▶ EXERCISE BRIEF
Output exactly the lines between the one holding "using fT m by" and the last line of the data below, both of those lines included.

▶ Data entries
════════════════
lemma abs_ratio_minus_1_le:
  assumes "c < x" and "c < y"
  shows "\<bar>y / x - 1\<bar> \<le> \<bar>travel_time y / travel_time x - 1\<bar>"
proof -
  have x: "x > 0" "travel_time x > 0" and y: "y > 0" "travel_time y > 0"
    using assms c_pos travel_time_pos by auto
  show ?thesis
  proof (cases "x \<le> y")
    case True
    then have "travel_time x * y \<le> travel_time y * x"
      using travel_time_div_mono[of x y] assms x y by (simp add: field_simps)
    then have "1 \<le> y / x" "y / x \<le> travel_time y / travel_time x"
      using True x y by (simp_all add: field_simps)
    then show ?thesis
      by simp
  next
    case False
    then have "travel_time y * x \<le> travel_time x * y"
      using travel_time_div_mono[of y x] assms x y by (simp add: field_simps)
    then have "y / x \<le> 1" "travel_time y / travel_time x \<le> y / x"
      using False x y by (simp_all add: field_simps)
    then show ?thesis
      by simp
  qed
qed

lemma tendsto_ratio_1_if_travel_times_equiv:
  assumes u: "filterlim u at_top F" and v: "filterlim v at_top F"
    and u_time: "((\<lambda>t. travel_time (u t) / w t) \<longlongrightarrow> 1) F"
    and v_time: "((\<lambda>t. travel_time (v t) / w t) \<longlongrightarrow> 1) F"
  shows "((\<lambda>t. u t / v t) \<longlongrightarrow> 1) F"
proof -
  have "eventually (\<lambda>t. travel_time (v t) / w t \<noteq> 0) F"
    using v_time by (rule tendsto_imp_eventually_ne) simp
  then have "eventually (\<lambda>t. travel_time (u t) / w t / (travel_time (v t) / w t)
      = travel_time (u t) / travel_time (v t)) F"
    by eventually_elim simp
  with tendsto_divide[OF u_time v_time]
  have time_ratio: "((\<lambda>t. travel_time (u t) / travel_time (v t)) \<longlongrightarrow> 1) F"
    by (simp add: Lim_transform_eventually)
  have "((\<lambda>t. u t / v t - 1) \<longlongrightarrow> 0) F"
  proof (rule Lim_null_comparison)
    have "eventually (\<lambda>t. c < u t \<and> c < v t) F"
      using u v by (auto simp: filterlim_at_top_dense intro: eventually_conj)
    then show "eventually (\<lambda>t. norm (u t / v t - 1) \<le> \<bar>travel_time (u t) / travel_time (v t) - 1\<bar>) F"
      by eventually_elim (simp add: abs_ratio_minus_1_le)
    show "((\<lambda>t. \<bar>travel_time (u t) / travel_time (v t) - 1\<bar>) \<longlongrightarrow> 0) F"
      using tendsto_rabs_zero[OF LIM_zero[OF time_ratio]] .
  qed
  then show ?thesis
    by (simp add: LIM_zero_iff)
qed

lemma travel_time_along_solution:
  assumes deriv: "\<And>t. t \<ge> T \<Longrightarrow> (f has_real_derivative A (f t)) (at t)"
    and above: "\<And>t. t \<ge> T \<Longrightarrow> f t > c" and "t \<ge> T"
  shows "travel_time (f t) = t - T + travel_time (f T)"
proof -
  define H where "H t = travel_time (f t) - t" for t
  have H': "(H has_real_derivative 0) (at s)" if "s \<ge> T" for s
  proof -
    have "((\<lambda>t. travel_time (f t)) has_real_derivative 1 / A (f s) * A (f s)) (at s)"
      using that above by (intro DERIV_chain2[OF travel_time_has_real_derivative deriv]) auto
    then have "(H has_real_derivative 1 / A (f s) * A (f s) - 1) (at s)"
      unfolding H_def by (intro DERIV_diff DERIV_ident)
    then show ?thesis
      using pos[of "f s"] above[OF that] by simp
  qed
  have "H t = H T"
  proof (cases "t = T")
    case False
    then have "T < t"
      using \<open>t \<ge> T\<close> by simp
    then show ?thesis
      using H' by (intro DERIV_isconst2[of T t] DERIV_atLeastAtMost_imp_continuous_on) auto
  qed simp
  then show ?thesis
    by (simp add: H_def)
qed

lemma travel_time_step_bounds:
  assumes "c \<le> x"
  shows "1 \<le> travel_time (x + A x) - travel_time x"
    and "travel_time (x + A x) - travel_time x \<le> A x / A (x + A x)"
  using travel_time_diff_bounds[of x "x + A x"] assms pos[of x] by auto

end

lemma recurrence_filterlim_at_top:
  fixes A :: "real \<Rightarrow> real" and b :: "nat \<Rightarrow> real"
  assumes cont: "continuous_on {0<..} A" and pos: "\<And>x. x > 0 \<Longrightarrow> A x > 0"
    and "b 0 > 0" and rec: "\<And>n. b (Suc n) = b n + A (b n)"
  shows "filterlim b at_top sequentially"
proof -
  have b_pos: "b n > 0" for n
    by (induction n) (use \<open>b 0 > 0\<close> rec pos in \<open>auto intro: add_pos_pos\<close>)
  have inc: "incseq b"
    using rec pos b_pos by (intro incseq_SucI) (simp add: less_imp_le)
  show ?thesis
    unfolding filterlim_at_top
  proof
    fix M
    show "eventually (\<lambda>n. M \<le> b n) sequentially"
    proof (rule ccontr)
      assume "\<not> eventually (\<lambda>n. M \<le> b n) sequentially"
      then have "\<forall>n. b n \<le> M"
        using inc unfolding eventually_sequentially incseq_def by (meson nle_le order.trans)
      then obtain L where lim: "b \<longlonglongrightarrow> L" and le: "\<forall>n. b n \<le> L"
        using incseq_convergent[OF inc] by blast
      have "L > 0"
        using le b_pos[of 0] by (metis order.strict_trans2)
      have "(\<lambda>n. A (b n)) \<longlonglongrightarrow> A L"
        using b_pos \<open>L > 0\<close> by (intro continuous_on_tendsto_compose[OF cont lim]) auto
      moreover have "(\<lambda>n. A (b n)) \<longlonglongrightarrow> L - L"
        using tendsto_diff[OF LIMSEQ_Suc[OF lim] lim] by (simp add: rec)
      ultimately have "A L = 0"
        using LIMSEQ_unique by force
      with pos \<open>L > 0\<close> show False
        by force
    qed
  qed
qed

lemma ode_solution_mono:
  fixes A f :: "real \<Rightarrow> real"
  assumes deriv: "\<And>t. t \<ge> T \<Longrightarrow> (f has_real_derivative A (f t)) (at t)"
    and pos: "\<And>t. t \<ge> T \<Longrightarrow> A (f t) > 0" and "T \<le> s" and "s \<le> t"
  shows "f s \<le> f t"
proof (cases "s = t")
  case False
  then have "f s < f t"
    using assms by (intro DERIV_pos_imp_increasing[of s t f]) (auto, meson order.trans)
  then show ?thesis
    by simp
qed simp

text \<open>Below a bound \<open>M\<close>, the speed \<open>A (f t)\<close> stays above the minimum of \<open>A\<close> on \<open>[f T, M]\<close>.\<close>
lemma ode_solution_unbounded:
  fixes A f :: "real \<Rightarrow> real"
  assumes cont: "continuous_on {0<..} A" and pos: "\<And>x. x > 0 \<Longrightarrow> A x > 0"
    and deriv: "\<And>t. t \<ge> T \<Longrightarrow> (f has_real_derivative A (f t)) (at t)"
    and f_pos: "\<And>t. t \<ge> T \<Longrightarrow> f t > 0"
  shows "\<exists>t\<ge>T. f t > M"
proof (rule ccontr)
  assume "\<not> (\<exists>t\<ge>T. f t > M)"
  then have bound: "\<And>t. t \<ge> T \<Longrightarrow> f t \<le> M"
    by auto
  have Af_pos: "\<And>t. t \<ge> T \<Longrightarrow> A (f t) > 0"
    using pos f_pos by blast
  have fT: "0 < f T" "f T \<le> M"
    using bound f_pos by auto
  obtain x where x: "x \<in> {f T..M}" and min: "\<And>y. y \<in> {f T..M} \<Longrightarrow> A x \<le> A y"
  proof -
    have "continuous_on {f T..M} A"
      using fT by (auto intro: continuous_on_subset[OF cont])
    then show ?thesis
      using continuous_attains_inf[of "{f T..M}" A] fT that by auto
  qed
  have m: "A x > 0"
    using x fT pos by auto
  define t where "t = T + (M - f T) / A x + 1"
  have "T < t"
    using fT m by (simp add: t_def add_nonneg_pos)
  then obtain z where z: "T < z" "z < t" and mvt: "f t - f T = (t - T) * A (f z)"
    using MVT2[of T t f "\<lambda>s. A (f s)"] deriv by auto
  have "f T \<le> f z"
    using z by (intro ode_solution_mono[OF deriv Af_pos]) auto
  then have "A x \<le> A (f z)"
    using bound[of z] z by (intro min) auto
  then have "(t - T) * A x \<le> f t - f T"
    using mvt \<open>T < t\<close> by simp
  moreover have "(t - T) * A x = M - f T + A x"
    using m by (simp add: t_def field_simps)
  ultimately show False
    using bound[of t] \<open>T < t\<close> m by simp
qed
════════════════
▶ ANSWER SPACE
    using fT m by (simp add: t_def add_nonneg_pos)
  then obtain z where z: "T < z" "z < t" and mvt: "f t - f T = (t - T) * A (f z)"
    using MVT2[of T t f "\<lambda>s. A (f s)"] deriv by auto
  have "f T \<le> f z"
    using z by (intro ode_solution_mono[OF deriv Af_pos]) auto
  then have "A x \<le> A (f z)"
    using bound[of z] z by (intro min) auto
  then have "(t - T) * A x \<le> f t - f T"
    using mvt \<open>T < t\<close> by simp
  moreover have "(t - T) * A x = M - f T + A x"
    using m by (simp add: t_def field_simps)
  ultimately show False
    using bound[of t] \<open>T < t\<close> m by simp
qed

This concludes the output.